Oberweis forecasts Qihoo’s earnings will grow 60 percent to 70 percent in 2014, while NQ is likely to increase profit by 30 percent next year.
The fund, started in 2005, has returned 39 percent this year, the best among 39 U.S.-listed funds investing in Chinese stocks, according to data compiled by Bloomberg.
“Even after a pretty good year so far, valuations are still attractive,” Oberweis said. “It’s become more expensive, but some names are still significantly below their true value based on our earnings expectations.”
Companies on the China-US measure for New York-traded stocks reached a five-month high of 13.3 times estimated profit last week, still 27 percent below a multiple of 18.1 reached in May 2012. The Shanghai stock benchmark traded at 9.6 times forward earnings, compared with 11.5 for the MSCI gauge for emerging-market equities.
Chinese stocks traded in the U.S. slumped on Sept. 20, paring earlier gains in the week, after Federal Reserve Bank of St. Louis President James Bullard, a voter on policy this year, said a small tapering of bond buying is possible next month. The Fed announced Sept. 18 that it will maintain its pace of bond purchases, which stoked a global rally in stocks.
Sohu.com Inc. (SOHU), which sold a stake in its search unit to Tencent Holdings Ltd. (700), advanced 11 percent for the week to $72.06. It retreated 5.9 percent Sept. 20. Tencent, China’s biggest Internet company by market value, paid $448 million for a 36.5 percent stake in Sohu’s Sogou unit last week and merge its own search service with Sogou.
Sohu’s slump is just “volatility driven by hype on these partnerships and agreements,” David Riedel, president of Riedel Research Group Inc. in New York, said by phone. “We still think Sohu is a good company, and see upside to the current price. The correction is a buying opportunity.”

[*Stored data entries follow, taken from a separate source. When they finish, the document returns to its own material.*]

lemma histories_Suc: "histories K (Suc n) = (\<lambda>(c, I). c @ [I]) ` (histories K n \<times> {..<K})"
proof (intro set_eqI iffI)
  fix x assume "x \<in> histories K (Suc n)"
  then have "length x = Suc n" "set x \<subseteq> {..<K}" by (auto simp: histories_def)
  then obtain c I where "x = c @ [I]" by (metis length_Suc_conv_rev)
  with \<open>length x = Suc n\<close> \<open>set x \<subseteq> {..<K}\<close>
  show "x \<in> (\<lambda>(c, I). c @ [I]) ` (histories K n \<times> {..<K})"
    by (auto simp: histories_def image_iff)
qed (auto simp: histories_def)

lemma finite_histories: "finite (histories K n)"
  by (induction n) (simp_all add: histories_0 histories_Suc)

lemma sum_histories_Suc:
  "(\<Sum>x\<in>histories K (Suc n). f x) = (\<Sum>I<K. \<Sum>c\<in>histories K n. f (c @ [I]))"
proof -
  have "inj_on (\<lambda>(c, I). c @ [I]) (histories K n \<times> {..<K})"
    by (auto simp: inj_on_def)
  then have "(\<Sum>x\<in>histories K (Suc n). f x) = (\<Sum>(c, I)\<in>histories K n \<times> {..<K}. f (c @ [I]))"
    unfolding histories_Suc by (subst sum.reindex) (simp_all add: case_prod_unfold)
  also have "\<dots> = (\<Sum>I<K. \<Sum>c\<in>histories K n. f (c @ [I]))"
    by (simp add: sum.cartesian_product[symmetric] sum.swap[of _ "histories K n"])
  finally show ?thesis .
qed

lemma histories_add: "histories K (a + b) = (\<lambda>(c, d). c @ d) ` (histories K a \<times> histories K b)"
proof (intro set_eqI iffI)
  fix x assume "x \<in> histories K (a + b)"
  then show "x \<in> (\<lambda>(c, d). c @ d) ` (histories K a \<times> histories K b)"
    unfolding image_iff histories_def
    by (intro bexI[of _ "(take a x, drop a x)"]) (auto dest: in_set_takeD in_set_dropD)
qed (auto simp: histories_def)

lemma sum_histories_add:
  "(\<Sum>x\<in>histories K (a + b). f x) = (\<Sum>d\<in>histories K b. \<Sum>c\<in>histories K a. f (c @ d))"
proof -
  have "inj_on (\<lambda>(c, d). c @ d) (histories K a \<times> histories K b)"
    by (auto simp: inj_on_def histories_def)
  then have "(\<Sum>x\<in>histories K (a + b). f x) = (\<Sum>(c, d)\<in>histories K a \<times> histories K b. f (c @ d))"
    unfolding histories_add by (subst sum.reindex) (simp_all add: case_prod_unfold)
  also have "\<dots> = (\<Sum>d\<in>histories K b. \<Sum>c\<in>histories K a. f (c @ d))"
    by (simp add: sum.cartesian_product[symmetric] sum.swap[of _ "histories K a"])
  finally show ?thesis .
qed

lemma sum_wsu_hist_prob_extend:
  assumes "0 < K" "0 < gamma" "gamma \<le> 1" "0 \<le> eta" "eta * real K / gamma \<le> 1"
    and "\<And>t i. 0 \<le> l t i \<and> l t i \<le> 1"
  shows "(\<Sum>c\<in>histories K n. wsu_hist_prob K eta gamma l (c @ h)) = wsu_hist_prob K eta gamma l h"
proof (induction n arbitrary: h)
  case (Suc n)
  have "(\<Sum>I<K. wsu_tilde K gamma (wsu_pi K eta gamma l h) I) = 1"
    using wsu_pi_simplex[OF assms] by (intro sum_wsu_tilde[OF assms(1)]) simp
  then show ?case
    by (simp add: sum_histories_Suc Suc.IH flip: sum_distrib_left)
qed (simp add: histories_0)

lemma wsu_prob_split:
  "wsu_prob K eta gamma l (n + m) F =
     (\<Sum>h\<in>histories K m. \<Sum>c\<in>histories K n. if F (c @ h) then wsu_hist_prob K eta gamma l (c @ h) else 0)"
  unfolding wsu_prob_def by (simp add: sum.inter_filter[OF finite_histories] sum_histories_add)

lemma pi_at_append:
  assumes "length c = n" "length h = m"
  shows "pi_at K eta gamma l (c @ h) m = wsu_pi K eta gamma l h"
    "pi_at K eta gamma l (c @ h) (n + m) = wsu_pi K eta gamma l (c @ h)"
  using assms by (simp_all add: pi_at_def)

lemma wsu_prob_pi_at_event:
  assumes "0 < K" "0 < gamma" "gamma \<le> 1" "0 \<le> eta" "eta * real K / gamma \<le> 1"
    and "\<And>t i. 0 \<le> l t i \<and> l t i \<le> 1"
  shows "wsu_prob K eta gamma l (n + m) (\<lambda>hs. P (pi_at K eta gamma l hs m)) =
    (\<Sum>h\<in>histories K m. if P (wsu_pi K eta gamma l h) then wsu_hist_prob K eta gamma l h else 0)"
  unfolding wsu_prob_split
proof (rule sum.cong[OF refl])
  fix h assume "h \<in> histories K m"
  then have "(\<Sum>c\<in>histories K n. if P (pi_at K eta gamma l (c @ h) m) then wsu_hist_prob K eta gamma l (c @ h) else 0)
      = (if P (wsu_pi K eta gamma l h) then \<Sum>c\<in>histories K n. wsu_hist_prob K eta gamma l (c @ h) else 0)"
    by (auto simp: histories_def pi_at_append intro: sum.cong)
  also have "\<dots> = (if P (wsu_pi K eta gamma l h) then wsu_hist_prob K eta gamma l h else 0)"
    using sum_wsu_hist_prob_extend[OF assms] by simp
  finally show "(\<Sum>c\<in>histories K n. if P (pi_at K eta gamma l (c @ h) m) then wsu_hist_prob K eta gamma l (c @ h) else 0)
      = (if P (wsu_pi K eta gamma l h) then wsu_hist_prob K eta gamma l h else 0)" .
qed

lemma sum_histories_two_Suc:
  "(\<Sum>c\<in>histories 2 (Suc n). f (c @ h)) = (\<Sum>c\<in>histories 2 n. f (c @ 0 # h)) + (\<Sum>c\<in>histories 2 n. f (c @ 1 # h))"
  by (simp add: sum_histories_Suc numeral_2_eq_2)

lemma potential_drift:
  fixes p p' a t0 t1 :: real
  assumes p: "0 < p" "p * (1 + a) \<le> p'" and a: "0 \<le> a" "2 \<le> (1 + a) ^ s"
    and t: "t0 + t1 = 1" "0 \<le> t0" "1/4 \<le> t1"
  shows "t0 * (3 / (4 * p)) ^ s + t1 * (3 / (4 * p')) ^ s \<le> 7/8 * (3 / (4 * p)) ^ s"
proof -
  define B where "B = (3 / (4 * p)) ^ s"
  have B: "0 \<le> B" unfolding B_def using p by simp
  have "0 < p * (1 + a)" using p a by simp
  then have "(3 / (4 * p')) ^ s \<le> (3 / (4 * (p * (1 + a)))) ^ s"
    using p by (intro power_mono divide_left_mono) auto
  also have "\<dots> = B / (1 + a) ^ s"
    unfolding B_def by (simp add: power_divide power_mult_distrib)
  also have "\<dots> \<le> B / 2"
    using a B by (intro divide_left_mono) auto
  finally have "t1 * (3 / (4 * p')) ^ s \<le> t1 * (B / 2)"
    using t by (intro mult_left_mono) auto
  moreover have "t0 * B + t1 * (B / 2) = (t0 + t1) * B - t1 * B / 2"
    by (simp add: algebra_simps)
  moreover have "1/4 * B \<le> t1 * B"
    using mult_right_mono[OF t(3) B] .
  ultimately show ?thesis unfolding B_def t(1) by linarith
qed

context
  fixes eta gamma :: real and l :: "nat \<Rightarrow> nat \<Rightarrow> real" and N :: nat
  assumes gamma: "0 < gamma" "gamma \<le> 1"
    and eta: "0 \<le> eta" "eta * 2 / gamma \<le> 1"
    and loss: "\<And>t i. 0 \<le> l t i \<and> l t i \<le> 1"
    and phase_two: "\<And>t. N < t \<Longrightarrow> l t 0 = 0 \<and> l t 1 = 1"
begin

abbreviation "\<pi> \<equiv> wsu_pi 2 eta gamma l"
abbreviation "\<rho> \<equiv> wsu_hist_prob 2 eta gamma l"

lemma two_arms_simplex: "0 \<le> \<pi> h 0" "0 \<le> \<pi> h 1" "\<pi> h 0 + \<pi> h 1 = 1"
  using wsu_pi_simplex[of 2 gamma eta l h] gamma eta loss by (auto simp: numeral_2_eq_2)

lemma phase_two_pull_arm0: "N \<le> length h \<Longrightarrow> \<pi> (0 # h) = \<pi> h"
  using phase_two[of "Suc (length h)"] by (auto simp: Let_def numeral_2_eq_2)

lemma phase_two_pull_arm1:
  "N \<le> length h \<Longrightarrow> \<pi> (1 # h) 0 = \<pi> h 0 * (1 + eta * (\<pi> h 1 / wsu_tilde 2 gamma (\<pi> h) 1))"
  using phase_two[of "Suc (length h)"] by (auto simp: Let_def numeral_2_eq_2)

lemma phase_two_pull_mono: "N \<le> length h \<Longrightarrow> \<pi> h 0 \<le> \<pi> (I # h) 0"
proof -
  assume N: "N \<le> length h"
  consider "I = 0" | "I = 1" | "I \<notin> {0, 1}" by blast
  then show ?thesis
  proof cases
    case 2
    have "0 \<le> wsu_tilde 2 gamma (\<pi> h) 1"
      using two_arms_simplex(2)[of h] gamma by (simp add: wsu_tilde_def)
    then have "0 \<le> eta * (\<pi> h 1 / wsu_tilde 2 gamma (\<pi> h) 1)"
      using eta two_arms_simplex(2)[of h] by simp
    then show ?thesis
      using 2 phase_two_pull_arm1[OF N] two_arms_simplex(1)[of h] by (simp add: mult_le_cancel_left1)
  next
    case 3
    then show ?thesis by (auto simp: Let_def numeral_2_eq_2)
  qed (use phase_two_pull_arm0[OF N] in simp)
qed

lemma phase_two_mono: "N \<le> length h \<Longrightarrow> \<pi> h 0 \<le> \<pi> (c @ h) 0"
proof (induction c)
  case (Cons I c)
  then have "N \<le> length (c @ h)" by simp
  from phase_two_pull_mono[OF this, of I] Cons show ?case by (simp del: wsu_pi.simps)
qed simp

lemma phase_two_pull_arm1_growth:
  assumes N: "N \<le> length h" and p1: "1/4 \<le> \<pi> h 1"
  shows "1/4 \<le> wsu_tilde 2 gamma (\<pi> h) 1" "\<pi> h 0 * (1 + eta / 2) \<le> \<pi> (1 # h) 0"
proof -
  define t where "t = wsu_tilde 2 gamma (\<pi> h) 1"
  have t: "t = (1 - gamma) * \<pi> h 1 + gamma / 2" unfolding t_def wsu_tilde_def by simp
  have "1/4 - gamma/4 \<le> (1 - gamma) * \<pi> h 1"
    using mult_left_mono[OF p1, of "1 - gamma"] gamma by simp
  then show t_ge: "1/4 \<le> wsu_tilde 2 gamma (\<pi> h) 1"
    using t gamma unfolding t_def by linarith
  have "gamma / 2 \<le> (1 + gamma) * (1/4)" using gamma by simp
  also have "\<dots> \<le> (1 + gamma) * \<pi> h 1" using p1 gamma by (intro mult_left_mono) auto
  finally have "t \<le> 2 * \<pi> h 1" using t by (simp add: algebra_simps)
  then have "1/2 \<le> \<pi> h 1 / t" using t_ge unfolding t_def by (simp add: field_simps)
  then have "eta / 2 \<le> eta * (\<pi> h 1 / t)"
    using eta mult_left_mono by fastforce
  then show "\<pi> h 0 * (1 + eta / 2) \<le> \<pi> (1 # h) 0"
    using phase_two_pull_arm1[OF N] two_arms_simplex(1)[of h] unfolding t_def
    by (simp add: mult_left_mono)
qed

E-House China Holdings Ltd. (EJ), a real estate brokerage, gained 9.2 percent to $9.70, extending it advance to a third week. Its American depositary receipts retreated 3.1 percent Sept. 20 from the highest level since May 2011.
Web clothing retailer Vipshop Holdings Ltd. (VIPS) surged 27 percent to $60 last week, rallying the most since the week ended Feb. 8. E-Commerce China Dangdang Inc. jumped 11 percent in the steepest climb in six weeks to $9.84.
Phoenix New Media Ltd. (FENG), a TV and Internet news outlet, gained 11 percent last week to $11.66 in New York, bringing its surge this year to 220 percent.
“Some smaller companies that are not involved in acquisition activities are also benefiting as the general valuation for Chinese companies has risen,” Tan Chiheng, an analyst at Granite Point Capital Inc., which invests in Chinese equities, said by phone from Boston.
The iShares China Large-Cap ETF (FXI), the largest Chinese exchange-traded fund in the U.S., climbed 0.6 percent last week to $38.43 in New York. The Standard & Poor’s 500 Index slipped 0.7 percent Sept. 20 for a weekly rally of 1.3 percent.
The Hang Seng China Enterprises Index jumped 2.2 percent to 10,769.54 in a shortened week. The Shanghai Composite Index retreated 2 percent to 2,191.85 in the three-day week.